Il simbolo della triplice cinta è ampiamente diffuso, dai graffiti rupestri della Val Camonica ai chiostri di mezza Europa; i cavalieri Templari lo graffiarono sui muri durante la loro prigionia nel castello di Chinon.

È uno di quei simboli atavici, che precedono il (e forse alludono al) cristianesimo. L’uomo. Il cosmo. Dio. Oppure: la terra, il cielo, Dio. Tutti gli infiniti riverberi che hanno l’esistenza dell’uomo e la Salvezza di Cristo.

La triplice cinta è, ovviamente, anche un recinto, un modo per sistemare in uno schema qualcosa di molto più grande.

Si tratta della triplice cinta del cuore, da custodire e donare, con estrema cautela e assoluta generosità, della mappa del mondo, che è uno strumento per orientarsi, volgersi ad Orientem, come avviene appunto nella liturgia cristiana, verso il sole-Cristo che sorge: una traccia per procedere nel pellegrinaggio delle  nostre esistenze, un modo per ridurre le infinite varianti, possibilità, organicità della vita e trasformarle in un sistema, un tracciato, un percorso, da qui a lì, dalla terra al Cielo, una chiusura di strade laterali, che è apertura verso l’alto. La triplice cinta, infine, è simbolo della Gerusalemme Celeste.

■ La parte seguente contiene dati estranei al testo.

lemma free_basis_of_inj_hom:
  assumes "group H" "group G" "\<psi> \<in> hom H G" "inj_on \<psi> (carrier H)" "free_basis G X"
    and Y: "Y \<subseteq> carrier H" "\<psi> ` Y \<subseteq> X" "\<psi> ` carrier H = generate G (\<psi> ` Y)"
  shows "free_basis H Y"
proof -
  have hom: "group_hom H G \<psi>"
    using assms(1-3) by (simp add: group_hom_def group_hom_axioms_def)
  have "\<psi> ` generate H Y = \<psi> ` carrier H"
    using group_hom.generate_img[OF hom Y(1)] Y(3) by simp
  moreover have "generate H Y \<subseteq> carrier H"
    using group.generate_in_carrier[OF assms(1) Y(1)] by blast
  ultimately have "generate H Y = carrier H"
    using inj_on_image_eq_iff[OF assms(4)] by blast
  moreover have "word_eval H w \<noteq> \<one>\<^bsub>H\<^esub>"
    if w: "fst ` set w \<subseteq> Y" "reduced_word w" "w \<noteq> []" for w
  proof
    assume one: "word_eval H w = \<one>\<^bsub>H\<^esub>"
    have "word_eval G (map (apfst \<psi>) w) = \<psi> (word_eval H w)"
      using group_hom.word_eval_hom[OF hom, of w] w(1) Y(1) by simp
    also have "\<dots> = \<one>\<^bsub>G\<^esub>"
      using one group_hom.hom_one[OF hom] by simp
    finally have "word_eval G (map (apfst \<psi>) w) = \<one>\<^bsub>G\<^esub>" .
    moreover have "inj_on \<psi> (fst ` set w)"
      using inj_on_subset[OF assms(4)] w(1) Y(1) by blast
    then have "reduced_word (map (apfst \<psi>) w)"
      using reduced_word_map_inj w(2) by blast
    moreover have "fst ` set (map (apfst \<psi>) w) \<subseteq> X"
      using w(1) Y(2) by force
    ultimately have "map (apfst \<psi>) w = []"
      using group.free_basis_reduced_word_eq_one[OF assms(2,5)] by blast
    with w(3) show False
      by simp
  qed
  ultimately show ?thesis
    using Y(1) by (simp add: free_basis_def)
qed

lemma finite_free_basis_subset_fg_free_image:
  fixes G (structure)
  assumes "group G" "free_basis G X" "B \<subseteq> X" "finite B"
  obtains H :: "nat monoid" and g where "fg_free_group H" "g \<in> hom H G" "B \<subseteq> g ` carrier H"
proof -
  interpret group G by fact
  have BG: "B \<subseteq> carrier G"
    using assms(2,3) by (auto simp: free_basis_def)
  obtain H :: "nat monoid" and \<psi> where H: "group H" "\<psi> \<in> hom H G" "inj_on \<psi> (carrier H)"
    "\<psi> ` carrier H = generate G B"
    using countable_subgroup_nat_copy[OF assms(1) generate_is_subgroup[OF BG]
        countable_generate[OF countable_finite[OF assms(4)] BG]] .
  have BH: "B \<subseteq> \<psi> ` carrier H"
    using H(4) generate.incl[of _ B G] by blast
  define Y where "Y = carrier H \<inter> \<psi> -` B"
  have "\<psi> ` Y = B"
    using BH unfolding Y_def by blast
  have "finite Y"
    using finite_imageD[of \<psi> Y] inj_on_subset[OF H(3)] assms(4) \<open>\<psi> ` Y = B\<close>
    by (auto simp: Y_def)
  moreover have "free_basis H Y"
    using free_basis_of_inj_hom[OF H(1) assms(1) H(2,3) assms(2)] H(4) \<open>\<psi> ` Y = B\<close> assms(3)
    by (simp add: Y_def)
  ultimately have "fg_free_group H"
    using H(1) by (auto simp: fg_free_group_def)
  then show thesis
    using that H(2) BH by blast
qed

section \<open>Conjugation\<close>

lemma hom_eq_on_generate:
  assumes "group G" "group K" "h \<in> hom G K" "k \<in> hom G K" "A \<subseteq> carrier G"
    and "\<And>a. a \<in> A \<Longrightarrow> h a = k a" and "x \<in> generate G A"
  shows "h x = k x"
proof -
  interpret h: group_hom G K h
    using assms(1-3) by (simp add: group_hom_def group_hom_axioms_def)
  interpret k: group_hom G K k
    using assms(1,2,4) by (simp add: group_hom_def group_hom_axioms_def)
  show ?thesis
    using assms(7)
  proof (induction rule: generate.induct)
    case (inv a)
    then show ?case
      using assms(5,6) by auto
  next
    case (eng a b)
    then show ?case
      using h.G.generate_in_carrier[OF assms(5)] by simp
  qed (use assms(6) in auto)
qed

context group
begin

lemma conj_hom:
  assumes "c \<in> carrier G"
  shows "(\<lambda>x. inv c \<otimes> x \<otimes> c) \<in> hom G G"
proof (rule homI)
  show "inv c \<otimes> x \<otimes> c \<in> carrier G" if "x \<in> carrier G" for x
    using assms that by simp
  show "inv c \<otimes> (x \<otimes> y) \<otimes> c = (inv c \<otimes> x \<otimes> c) \<otimes> (inv c \<otimes> y \<otimes> c)"
    if "x \<in> carrier G" "y \<in> carrier G" for x y
    using assms that by (simp add: m_assoc) (simp add: m_assoc[symmetric])
qed

lemma conjugators_commute:
  assumes "a \<in> carrier G" "b \<in> carrier G" "x \<in> carrier G" "inv a \<otimes> x \<otimes> a = inv b \<otimes> x \<otimes> b"
  shows "x \<otimes> (b \<otimes> inv a) = (b \<otimes> inv a) \<otimes> x"
proof -
  have "(b \<otimes> inv a) \<otimes> x = b \<otimes> (inv a \<otimes> x \<otimes> a) \<otimes> inv a"
    using assms(1-3) by (simp add: m_assoc)
  also have "\<dots> = x \<otimes> (b \<otimes> inv a)"
    using assms by (simp add: m_assoc[symmetric])
  finally show ?thesis
    by simp
qed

Il confine, il recinto, l’hortus conclusus. Cioè, monasticamente, il chiostro: uno spazio chiuso al mondo, ma aperto al Cielo e a Dio.

La via della natura e quella della Grazia s’intrecciano, la seconda presupponendo e superando la prima. Il cristianesimo è anche una religione cosmologica, orientata, incarnata. Non dimentica la direzione da cui sorge il sole, il valore del fuoco e dell’acqua, del vino e del pane, del sangue e della luce. Non perde il senso del corpo, l’istinto, la forza della passione, ma sa cavallerescamente domarli e orientarli. 
Non si tratta di scegliere se perdersi in una natura panica e senza limiti o di chiudersi a chiave e negarla del tutto, rinnegarla e umiliarla: al contrario. Nella liturgia la natura assume un ordine, un’origine e un fine, un disegno sensato che nobilita e redime anche l’organico, un disegno che chiaramente non potremmo vedere dal fondo di una corrente che ci trascina, ma solo dal baluardo di una vetta che ci innalza.

La triplice cinta come immagine della Gerusalemme celeste, della nostra destinazione finale, la vera dimora in cui non ci sentiremo profughi, precari, esiliati.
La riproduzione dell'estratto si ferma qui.